La gestion de la Servitude CRM, située au quartier Cikonyi, en commune de Bagira, est au cœur d’un conflit opposant le Comité de la Servitude CRM aux propriétaires de kiosques installés au centre CRM.
Dans un communiqué rendu public le 27 juillet 2026, le Comité indique que cet espace public a été aménagé et développé par la population depuis 2012 grâce à des contributions communautaires.
Selon lui, la Servitude CRM est devenue un patrimoine collectif indispensable aux habitants des quartiers Cikonyi, Mulambula et Cikera.
Le Comité affirme que cet espace joue plusieurs rôles d’utilité publique. Il sert de parking, lieu de déchargement des produits de première nécessité, d’espace de stockage des matériaux de construction, de cadre pour les réunions des autorités, les activités de plusieurs établissements scolaires ainsi que les rassemblements religieux de différentes églises, etc.

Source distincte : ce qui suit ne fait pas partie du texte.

lemma Upi_sum_relation:
  assumes I: "I \<subseteq> N" "0 \<in> I"
  shows "(\<Sum>A\<in>Pow (I - {0}). \<Sum>J\<in>Pow (I - {0} - A).
            (-1) ^ card J * thetaD q (card J) (prod s (insert 0 A)) * Upi_sum q s (insert 0 A)) =
         (\<Sum>K\<in>Pow (I - {0}). (-1) ^ card (I - {0} - K) * thetaD q (Suc (card (I - {0} - K))) (prod s K) *
            Uset q s K)"
proof -
  define X where "X = I - {0}"
  define T :: "nat set \<Rightarrow> nat set \<Rightarrow> nat set \<Rightarrow> complex"
    where "T = (\<lambda>S K J. (-1) ^ card J * thetaD q (card J) (prod (absorb0 s S) (insert 0 K)) *
                                 Uset q (absorb0 s S) (insert 0 K))"
  define M :: "nat set \<Rightarrow> nat set \<Rightarrow> complex"
    where "M = (\<lambda>K J. (-1) ^ card J * thetaD q (Suc (card J)) (prod s K) * Uset q s K)"
  have fX: "finite X" and X: "X \<subseteq> N - {0}" using I finite_N finite_subset by (auto simp: X_def)
  have expand: "(\<Sum>J\<in>Pow (X - A). (-1) ^ card J * thetaD q (card J) (prod s (insert 0 A)) * Upi_sum q s (insert 0 A)) =
                (\<Sum>S\<in>Pow A. (-1) ^ card S * (\<Sum>J\<in>Pow (X - S - (A - S)). T S (A - S) J))"
    if A: "A \<subseteq> X" for A
  proof -
    have "0 \<notin> A" "finite A" using A X fX finite_subset by auto
    moreover have "X - S - (A - S) = X - A" if "S \<subseteq> A" for S using that by auto
    ultimately show ?thesis
      unfolding Upi_sum_insert_0[OF \<open>0 \<notin> A\<close>] T_def sum_distrib_left sum_distrib_right
      by (subst sum.swap) (auto intro!: sum.cong simp: mult_ac prod_absorb0_insert_0 simp del: prod.insert)
  qed
  have "(\<Sum>A\<in>Pow X. \<Sum>J\<in>Pow (X - A). (-1) ^ card J * thetaD q (card J) (prod s (insert 0 A)) *
            Upi_sum q s (insert 0 A)) =
        (\<Sum>A\<in>Pow X. \<Sum>S\<in>Pow A. (-1) ^ card S * (\<Sum>J\<in>Pow (X - S - (A - S)). T S (A - S) J))"
    by (intro sum.cong refl expand) auto
  also have "\<dots> = (\<Sum>S\<in>Pow X. \<Sum>K\<in>Pow (X - S). (-1) ^ card S * (\<Sum>J\<in>Pow (X - S - K). T S K J))"
    by (rule sum_Pow_split_pairs[OF fX])
  also have "\<dots> = (\<Sum>S\<in>Pow X. \<Sum>K\<in>Pow (X - S). (-1) ^ card S * (\<Sum>J\<in>Pow (X - K - S). M K J))"
  proof (rule sum.cong[OF refl])
    fix S assume "S \<in> Pow X"
    hence "(\<Sum>K\<in>Pow (X - S). \<Sum>J\<in>Pow (X - S - K). T S K J) =
           (\<Sum>K\<in>Pow (X - S). \<Sum>J\<in>Pow (X - S - K). M K J)"
      unfolding T_def M_def using X by (intro sum_relation_absorb0) auto
    moreover have "X - S - K = X - K - S" for K by auto
    ultimately show "(\<Sum>K\<in>Pow (X - S). (-1) ^ card S * (\<Sum>J\<in>Pow (X - S - K). T S K J)) =
                     (\<Sum>K\<in>Pow (X - S). (-1) ^ card S * (\<Sum>J\<in>Pow (X - K - S). M K J))"
      by (simp add: sum_distrib_left[symmetric])
  qed
  also have "\<dots> = (\<Sum>K\<in>Pow X. \<Sum>S\<in>Pow (X - K). (-1) ^ card S * (\<Sum>J\<in>Pow (X - K - S). M K J))"
    by (rule sum_Pow_Pow_diff_swap[OF fX])
  also have "\<dots> = (\<Sum>K\<in>Pow X. M K (X - K))"
    using fX by (intro sum.cong refl sum_Pow_alternating_inversion) simp
  finally show ?thesis unfolding X_def M_def .
qed
lemma ex_injective_drawing_along_list:
  assumes "distinct ps"
  obtains \<Gamma> :: "'a \<Rightarrow> real^2"
  where "inj_on \<Gamma> (set ps)" "\<And>k. k < length ps \<Longrightarrow> \<Gamma> (ps ! k) = real k *\<^sub>R axis 1 1"
proof -
  define \<Gamma> :: "'a \<Rightarrow> real^2"
    where "\<Gamma> x = real (the_inv_into {..<length ps} ((!) ps) x) *\<^sub>R axis 1 1" for x
  have inj_nth: "inj_on ((!) ps) {..<length ps}"
    using assms by (simp add: inj_on_nth)
  have "set ps = (!) ps ` {..<length ps}"
    by (auto simp: in_set_conv_nth)
  then have "inj_on (the_inv_into {..<length ps} ((!) ps)) (set ps)"
    using inj_on_the_inv_into[OF inj_nth] by simp
  moreover have "inj (\<lambda>n. real n *\<^sub>R (axis 1 1 :: real^2))"
    by (rule injI) simp
  ultimately have "inj_on \<Gamma> (set ps)"
    unfolding \<Gamma>_def inj_on_def inj_def by blast
  moreover have "\<Gamma> (ps ! k) = real k *\<^sub>R axis 1 1" if "k < length ps" for k
    using the_inv_into_f_f[OF inj_nth] that by (simp add: \<Gamma>_def)
  ultimately show ?thesis
    using that by blast
qed

lemma segment_path_if_pi_dist_eq_dist:
  assumes "finite V" and "pi_dist V E \<Gamma> u v = ereal (dist (\<Gamma> u) (\<Gamma> v))"
  shows "\<exists>ps. is_path V E ps \<and> hd ps = u \<and> last ps = v \<and>
    \<Gamma> ` set ps \<subseteq> closed_segment (\<Gamma> u) (\<Gamma> v)"
proof -
  have "pi_dist V E \<Gamma> u v \<noteq> \<infinity>"
    using assms(2) by simp
  then obtain ps where ps: "is_path V E ps" "hd ps = u" "last ps = v"
    and "pi_dist V E \<Gamma> u v = ereal (path_len \<Gamma> ps)"
    by (rule pi_dist_attained[OF assms(1)])
  then have "path_len \<Gamma> ps \<le> dist (\<Gamma> (hd ps)) (\<Gamma> (last ps))"
    using assms(2) by simp
  then have "\<Gamma> z \<in> closed_segment (\<Gamma> u) (\<Gamma> v)" if "z \<in> set ps" for z
    using on_segment_if_path_len_le_dist[OF _ that] ps(2,3) by simp
  then show ?thesis
    using ps by blast
qed
(* Let $\mathscr{M}_4(5)$ be the regular map on Bring's surface $\overline{\mathbb{H}/H_4(5)}$ whose vertices are labelled by Hecke--Farey coordinates modulo $5$. The map $z\mapsto z+\sqrt2$, applied to Hecke--Farey coordinates, induces a rotation of $\mathscr{M}_4(5)$ through angle $2\pi/5$ about the centre vertex $\frac{1}{0\sqrt2}$.
   Context: $H_4$ is the Hecke group generated by $T(z)=z+\sqrt2$ and $S(z)=-1/z$ on the upper half-plane $\mathbb{H}$. The universal 4-gonal map $\hat{\mathscr{M}}_4$ is the map on $\mathbb{H}$ whose vertices are the images of $\infty$ under $H_4$ (the real numbers $\frac{a}{c\sqrt2}$ and $\frac{b\sqrt2}{d}$ with $a,b,c,d\in\mathbb{Z}$, $\gcd(a,c)=\gcd(b,d)=1$, including $\infty$) and whose edges are the images of the imaginary axis under $H_4$; $\frac{a}{c\sqrt2}$ and $\frac{b\sqrt2}{d}$ are joined by an edge iff $ad-2bc=\pm1$. $H_4(5)$ is the principal congruence subgroup of level 5: transformations $z\mapsto\frac{az+b\sqrt2}{c\sqrt2 z+d}$ with $a,b,c,d\in\mathbb{Z}$, $ad-2bc=1$, $a\equiv d\equiv\pm1\pmod5$, $b\equiv c\equiv0\pmod5$. $\mathscr{M}_4(5)=\hat{\mathscr{M}}_4/H_4(5)$ is a regular map of type $\{5,4\}$ (quadrilateral faces, vertices of valency 5) with 30 vertices, 60 edges and 24 faces on the genus-4 surface $\overline{\mathbb{H}/H_4(5)}$ (Bring's surface). Its vertices are labelled by Hecke--Farey coordinates modulo 5: expressions $\frac{a}{c\sqrt2}$ or $\frac{b\sqrt2}{d}$ with $a,b,c,d\in\mathbb{Z}_5$, where $\frac{a}{c\sqrt2}$ is identified with $\frac{-a}{-c\sqrt2}$ (and similarly for the other type); two such vertices $\frac{a}{c\sqrt2}$, $\frac{b\sqrt2}{d}$ are adjacent iff $ad-2bc\equiv\pm1\pmod5$. The vertex $\frac{1}{0\sqrt2}$ (image of $\infty$) is called the centre. *)

theory Defs
  imports Main "HOL-Library.Numeral_Type"
begin

text \<open>Hecke--Farey coordinates modulo 5.  A label is a triple (k, x, y) with x y in Z/5Z
 (the type 5 of HOL-Library.Numeral_Type).  k = False encodes the expression a/(c sqrt2)
 with (x,y) = (a,c); k = True encodes b sqrt2 / d with (x,y) = (b,d).
 A vertex of M_4(5) is the class of a label modulo the identification (x,y) ~ (-x,-y).\<close>

type_synonym hf_label = "bool \<times> 5 \<times> 5"
type_synonym hf_vertex = "hf_label set"

definition hfv :: "bool \<Rightarrow> 5 \<Rightarrow> 5 \<Rightarrow> hf_vertex" where
  "hfv k x y = {(k, x, y), (k, -x, -y)}"

text \<open>Vertex set: all labels with (x,y) \<noteq> (0,0) (reductions of coprime pairs).\<close>
definition M45_vertices :: "hf_vertex set" where
  "M45_vertices = {hfv k x y | k x y. (x, y) \<noteq> (0, 0)}"

definition M45_adj :: "hf_vertex \<Rightarrow> hf_vertex \<Rightarrow> bool" where
  "M45_adj u v \<longleftrightarrow>
     (\<exists>a c b d. (False, a, c) \<in> u \<and> (True, b, d) \<in> v \<and>
        (a * d - 2 * b * c = 1 \<or> a * d - 2 * b * c = -1)) \<or>
     (\<exists>a c b d. (False, a, c) \<in> v \<and> (True, b, d) \<in> u \<and>
        (a * d - 2 * b * c = 1 \<or> a * d - 2 * b * c = -1))"

text \<open>The centre 1/(0 sqrt2), image of infinity.\<close>
definition centre :: hf_vertex where
  "centre = hfv False 1 0"

text \<open>T(z) = z + sqrt2 on labels: a/(c sqrt2) + sqrt2 = (a+2c)/(c sqrt2),
  b sqrt2/d + sqrt2 = (b+d) sqrt2/d.\<close>
fun T_lab :: "hf_label \<Rightarrow> hf_label" where
  "T_lab (False, a, c) = (False, a + 2 * c, c)"
| "T_lab (True, b, d) = (True, b + d, d)"

text \<open>S(z) = -1/z on labels: -1/(a/(c sqrt2)) = (-c) sqrt2/a,
  -1/(b sqrt2/d) = (-d)/(b sqrt2).\<close>
fun S_lab :: "hf_label \<Rightarrow> hf_label" where
  "S_lab (False, a, c) = (True, -c, a)"
| "S_lab (True, b, d) = (False, -d, b)"

definition T_vert :: "hf_vertex \<Rightarrow> hf_vertex" where
  "T_vert u = T_lab ` u"

definition S_vert :: "hf_vertex \<Rightarrow> hf_vertex" where
  "S_vert u = S_lab ` u"

text \<open>Faces of M_4(5): the images under H_4 (generated by T and S) of the
  fundamental quadrilateral face with vertices infinity, 0, 1/sqrt2, sqrt2
  (faces recorded by their vertex sets).\<close>
definition base_face :: "hf_vertex set" where
  "base_face = {hfv False 1 0, hfv True 0 1, hfv False 1 1, hfv True 1 1}"

inductive_set M45_faces :: "hf_vertex set set" where
  base: "base_face \<in> M45_faces"
| T: "F \<in> M45_faces \<Longrightarrow> T_vert ` F \<in> M45_faces"
| S: "F \<in> M45_faces \<Longrightarrow> S_vert ` F \<in> M45_faces"

end

theory Submission
  imports Defs
begin

text \<open>On labels, T acts by the unipotent matrices [[1,2],[0,1]] on pairs (a,c) and [[1,1],[0,1]]
  on pairs (b,d); both preserve the quantity ad - 2bc defining adjacency, and both have order 5
  over Z/5Z.  T fixes the centre 1/(0 sqrt2), whose neighbours are exactly the vertices b sqrt2/1,
  and T sends b sqrt2/1 to (b+1) sqrt2/1.  Hence T permutes the five neighbours of the centre
  cyclically, and T^b maps the base face onto a face containing the centre, b sqrt2/1 and
  (b+1) sqrt2/1.\<close>

lemma hfv_uminus: "hfv k (-x) (-y) = hfv k x y"
  by (auto simp: hfv_def)

lemma hfv_eq_if_mem: "(k', x', y') \<in> hfv k x y \<Longrightarrow> hfv k x y = hfv k' x' y'"
  by (auto simp: hfv_def)

lemma ex_of_nat_5: "\<exists>n. (b::5) = of_nat n"
proof (induction b)
  case (of_int z)
  then show ?case by (metis of_nat_nat)
qed

lemma funpow_T_lab_5: "T_lab ^^ 5 = id"
proof
  fix p :: hf_label
  obtain k x y where p: "p = (k, x, y)" by (cases p)
  have ten: "(10::5) = 0" and five: "(5::5) = 0" by simp_all
  have "x + 2 * y + 2 * y + 2 * y + 2 * y + 2 * y = x" "x + y + y + y + y + y = x"
    by (simp_all add: algebra_simps ten five)
  then show "(T_lab ^^ 5) p = id p"
    by (cases k) (simp_all add: p numeral_eq_Suc)
qed

lemma funpow_T_vert: "(T_vert ^^ n) u = (T_lab ^^ n) ` u"
  by (induction n) (simp_all add: T_vert_def image_comp)

lemma funpow_T_vert_5: "T_vert ^^ 5 = id"
  by (simp add: fun_eq_iff funpow_T_vert funpow_T_lab_5)

lemma funpow_T_vert_4_inverse: "T_vert ^^ 4 \<circ> T_vert = id" "T_vert \<circ> T_vert ^^ 4 = id"
  using funpow_T_vert_5 funpow_Suc_right[of 4 T_vert] funpow.simps(2)[of 4 T_vert]
  by simp_all

lemma T_vert_hfv:
  "T_vert (hfv False a c) = hfv False (a + 2 * c) c"
  "T_vert (hfv True b d) = hfv True (b + d) d"
  by (auto simp: T_vert_def hfv_def algebra_simps)

lemma hfv_in_vertices: "(x, y) \<noteq> (0, 0) \<Longrightarrow> hfv k x y \<in> M45_vertices"
  by (auto simp: M45_vertices_def)

lemma T_vert_in_vertices:
  assumes "u \<in> M45_vertices"
  shows "T_vert u \<in> M45_vertices"
proof -
  obtain k x y where u: "u = hfv k x y" and xy: "(x, y) \<noteq> (0, 0)"
    using assms by (auto simp: M45_vertices_def)
  show ?thesis
    using xy by (cases k) (auto simp: u T_vert_hfv intro!: hfv_in_vertices)
qed

lemma funpow_T_vert_in_vertices: "u \<in> M45_vertices \<Longrightarrow> (T_vert ^^ n) u \<in> M45_vertices"
  by (induction n) (simp_all add: T_vert_in_vertices)

lemma bij_betw_T_vert: "bij_betw T_vert M45_vertices M45_vertices"
proof (rule bij_betw_byWitness[where f' = "T_vert ^^ 4"])
  show "\<forall>u\<in>M45_vertices. (T_vert ^^ 4) (T_vert u) = u"
    "\<forall>u\<in>M45_vertices. T_vert ((T_vert ^^ 4) u) = u"
    using funpow_T_vert_4_inverse by (simp_all add: fun_eq_iff)
qed (auto intro: T_vert_in_vertices funpow_T_vert_in_vertices)

fun labels_adj :: "hf_label \<Rightarrow> hf_label \<Rightarrow> bool" where
  "labels_adj (False, a, c) (True, b, d) \<longleftrightarrow> a * d - 2 * b * c = 1 \<or> a * d - 2 * b * c = -1"
| "labels_adj _ _ \<longleftrightarrow> False"

lemma bex_labels_adj: "(\<exists>p\<in>u. \<exists>q\<in>v. labels_adj p q) \<longleftrightarrow>
  (\<exists>a c b d. (False, a, c) \<in> u \<and> (True, b, d) \<in> v \<and> (a * d - 2 * b * c = 1 \<or> a * d - 2 * b * c = -1))"
  by (metis labels_adj.simps(1) labels_adj.elims(2))

lemma M45_adj_iff_labels_adj: "M45_adj u v \<longleftrightarrow> (\<exists>p\<in>u. \<exists>q\<in>v. labels_adj p q \<or> labels_adj q p)"
  unfolding M45_adj_def bex_labels_adj[symmetric] by blast

lemma labels_adj_T_lab: "labels_adj (T_lab p) (T_lab q) \<longleftrightarrow> labels_adj p q"
proof -
  obtain k a c l b d where p: "p = (k, a, c)" and q: "q = (l, b, d)"
    by (cases p, cases q)
  have "(a + 2 * c) * d - 2 * (b + d) * c = a * d - 2 * b * c"
    by (simp add: algebra_simps)
  then show ?thesis
    by (cases k; cases l) (simp_all add: p q)
qed

lemma M45_adj_T_vert: "M45_adj (T_vert u) (T_vert v) \<longleftrightarrow> M45_adj u v"
  by (simp add: M45_adj_iff_labels_adj T_vert_def labels_adj_T_lab)

lemma funpow_image_T_vert_faces:
  assumes "F \<in> M45_faces"
  shows "(T_vert ^^ n) ` F \<in> M45_faces"
proof (induction n)
  case (Suc n)
  then have "T_vert ` (T_vert ^^ n) ` F \<in> M45_faces"
    by (rule M45_faces.T)
  then show ?case by (simp add: image_comp)
qed (simp add: assms)

lemma T_vert_image_in_faces_iff: "T_vert ` F \<in> M45_faces \<longleftrightarrow> F \<in> M45_faces"
proof
  assume "T_vert ` F \<in> M45_faces"
  then have "(T_vert ^^ 4) ` T_vert ` F \<in> M45_faces"
    by (rule funpow_image_T_vert_faces)
  then show "F \<in> M45_faces"
    by (simp add: image_comp funpow_T_vert_4_inverse)
qed (rule M45_faces.T)

lemma T_vert_centre: "T_vert centre = centre"
  by (simp add: centre_def T_vert_hfv)

lemma centre_neighbour_hfv:
  assumes "u \<in> M45_vertices" and "M45_adj centre u"
  obtains b where "u = hfv True b 1"
proof -
  obtain k x y where u: "u = hfv k x y"
    using assms(1) by (auto simp: M45_vertices_def)
  obtain a c b d where ac: "(False, a, c) \<in> centre" and bd: "(True, b, d) \<in> u"
    and det: "a * d - 2 * b * c = 1 \<or> a * d - 2 * b * c = -1"
    using assms(2) by (auto simp: M45_adj_def centre_def hfv_def)
  have d: "d = 1 \<or> d = -1"
    using ac det by (auto simp: centre_def hfv_def minus_equation_iff)
  have "u = hfv True b d"
    using bd unfolding u by (rule hfv_eq_if_mem)
  then show ?thesis
    using that d hfv_uminus[of True "-b" 1] by auto
qed

lemma T_vert_hfv_True_neq: "T_vert (hfv True b 1) \<noteq> hfv True b 1"
proof
  have "(True, b + 1, 1) \<in> T_vert (hfv True b 1)"
    unfolding T_vert_hfv by (simp add: hfv_def)
  moreover assume "T_vert (hfv True b 1) = hfv True b 1"
  ultimately show False
    by (simp add: hfv_def)
qed

lemma funpow_T_vert_hfv_True: "(T_vert ^^ n) (hfv True b 1) = hfv True (b + of_nat n) 1"
  by (induction n) (simp_all add: T_vert_hfv algebra_simps)

lemma funpow_T_vert_centre: "(T_vert ^^ n) centre = centre"
  by (induction n) (simp_all add: T_vert_centre)

lemma centre_neighbours_in_face: "\<exists>F\<in>M45_faces. {centre, hfv True b 1, hfv True (b + 1) 1} \<subseteq> F"
proof -
  obtain n where b: "b = of_nat n"
    using ex_of_nat_5 by blast
  have "{centre, hfv True b 1, hfv True (b + 1) 1} =
      (T_vert ^^ n) ` {centre, hfv True 0 1, hfv True 1 1}"
    by (simp add: funpow_T_vert_centre funpow_T_vert_hfv_True b add.commute)
  also have "\<dots> \<subseteq> (T_vert ^^ n) ` base_face"
    by (rule image_mono) (simp add: base_face_def centre_def)
  finally show ?thesis
    using funpow_image_T_vert_faces[OF M45_faces.base] by blast
qed

theorem lemma1:
  shows "bij_betw T_vert M45_vertices M45_vertices
    \<and> (\<forall>u\<in>M45_vertices. \<forall>v\<in>M45_vertices. M45_adj (T_vert u) (T_vert v) \<longleftrightarrow> M45_adj u v)
    \<and> (\<forall>F. F \<subseteq> M45_vertices \<longrightarrow> (T_vert ` F \<in> M45_faces \<longleftrightarrow> F \<in> M45_faces))
    \<and> T_vert centre = centre
    \<and> (\<forall>u\<in>M45_vertices. M45_adj centre u \<longrightarrow>
          T_vert u \<noteq> u \<and> (\<exists>F\<in>M45_faces. {centre, u, T_vert u} \<subseteq> F))
    \<and> (\<forall>u\<in>M45_vertices. (T_vert ^^ 5) u = u)"
proof (intro conjI ballI impI allI)
  fix u assume "u \<in> M45_vertices" and "M45_adj centre u"
  then obtain b where u: "u = hfv True b 1"
    by (rule centre_neighbour_hfv)
  show "T_vert u \<noteq> u"
    unfolding u by (rule T_vert_hfv_True_neq)
  show "\<exists>F\<in>M45_faces. {centre, u, T_vert u} \<subseteq> F"
    unfolding u T_vert_hfv by (rule centre_neighbours_in_face)
qed (simp_all add: bij_betw_T_vert M45_adj_T_vert T_vert_image_in_faces_iff T_vert_centre
       funpow_T_vert_5)

end
lemma star_colorings_eqI:
  assumes "f \<in> star_colorings G C a" "g \<in> star_colorings G C a" "\<forall>v\<in>star G a. f v = g v"
  shows "f = g"
proof
  fix v show "f v = g v" using assms by (cases "v \<in> star G a") (auto simp: star_colorings_def)
qed

lemma card3_third_unique:
  assumes "card C = 3" "a \<in> C" "b \<in> C" "a \<noteq> b" "x \<in> C" "y \<in> C" "x \<notin> {a, b}" "y \<notin> {a, b}"
  shows "x = y"
proof (rule ccontr)
  assume "x \<noteq> y"
  then have "card {a, b, x, y} = 4" using assms by auto
  moreover have "finite C" using assms(1) by (metis card.infinite zero_neq_numeral)
  then have "card {a, b, x, y} \<le> card C" using assms by (intro card_mono) auto
  ultimately show False using assms(1) by simp
qed

lemma card3_obtain_third:
  assumes "card C = 3" "a \<in> C" "b \<in> C"
  obtains c where "c \<in> C" "c \<noteq> a" "c \<noteq> b"
proof -
  have "\<not> C \<subseteq> {a, b}"
  proof
    assume "C \<subseteq> {a, b}"
    then have "card C \<le> card {a, b}" by (simp add: card_mono)
    also have "\<dots> \<le> 2" by (cases "a = b") simp_all
    finally show False using assms(1) by simp
  qed
  then show ?thesis using that by blast
qed

lemma connected_graph_propagate:
  assumes "connected_graph L" "y \<in> verts L" "P y" "\<And>v w. P v \<Longrightarrow> (v, w) \<in> edges L \<Longrightarrow> P w"
  shows "\<forall>v\<in>verts L. P v"
proof
  fix v assume "v \<in> verts L"
  then have "(y, v) \<in> (edges L)\<^sup>*" using assms(1,2) by (auto simp: connected_graph_def)
  then show "P v" by (induction rule: rtrancl_induct) (use assms(3,4) in blast)+
qed

text \<open>Along an edge \<open>v w\<close> of the connected sphere, the colour of \<open>w\<close> is the one left over by
  the centre and \<open>v\<close>.\<close>

lemma proper_coloring_star_rigid:
  assumes sg: "simple_graph H" and conn: "connected_graph (sphere H z)" and c3: "card C = 3"
    and g: "proper_coloring_on H (star H z) C g" and g': "proper_coloring_on H (star H z) C g'"
    and y: "y \<in> nbrs H z" and eq: "g z = g' z" "g y = g' y"
  shows "\<forall>v\<in>star H z. g v = g' v"
proof -
  have "\<forall>v\<in>verts (sphere H z). g v = g' v"
  proof (rule connected_graph_propagate[OF conn, of y])
    fix v w assume gv: "g v = g' v" and vw: "(v, w) \<in> edges (sphere H z)"
    then have stars: "v \<in> star H z" "w \<in> star H z" "z \<in> star H z" and e: "(v, w) \<in> edges H"
      by (auto simp: edges_sphere star_def)
    then have "(z, v) \<in> edges H" "(z, w) \<in> edges H" using vw sg by (auto simp: edges_sphere nbrs_iff_edge)
    then have "g w \<notin> {g z, g v}" "g' w \<notin> {g' z, g' v}" "g z \<noteq> g v"
      using proper_coloring_onD(2)[OF g] proper_coloring_onD(2)[OF g'] stars e
        simple_graph_edge_sym[OF sg] by fastforce+
    then show "g w = g' w"
      using card3_third_unique[OF c3, of "g z" "g v" "g w" "g' w"] proper_coloring_onD(1)[OF g]
        proper_coloring_onD(1)[OF g'] stars eq gv by auto
  qed (use y eq in auto)
  then show ?thesis using eq by (auto simp: star_def)
qed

Cependant, ses responsables dénoncent des tentatives d’occupation illégale de cette servitude par des particuliers qui envisageraient d’y installer des conteneurs à des fins privées. Ils estiment qu’une telle initiative priverait la communauté d’un espace essentiel et sollicitent l’intervention des autorités provinciales, urbaines et communales afin d’assurer la protection définitive de ce patrimoine communautaire.
Le Comité exprime également sa reconnaissance au bourgmestre de Bagira pour son implication dans la préservation de cet espace.
De leur côté, les propriétaires des kiosques disent avoir été informés d’une décision verbale de déguerpissement. Dans leur correspondance adressée au bourgmestre, ils se présentent comme des locataires de bonne foi qui s’acquittent régulièrement de leurs obligations fiscales. Ils rappellent avoir entrepris, sur fonds propres, les travaux de pavage de la route menant au centre CRM dans le but de contribuer au développement de leur milieu de travail.
Ils affirment également avoir un projet de transformation de leurs kiosques en échoppes conformes aux exigences de l’État et demandent la suspension de toute mesure d’expulsion.
Selon eux, un dialogue permettrait de trouver une solution équilibrée, dans l’intérêt de la population et dans le respect de la paix sociale.
Jusqu’à présent, les autorités provinciales, urbaines et communales n’ont pas encore communiqué officiellement leur position sur ce dossier, qui continue de susciter l’attention des habitants de Bagira.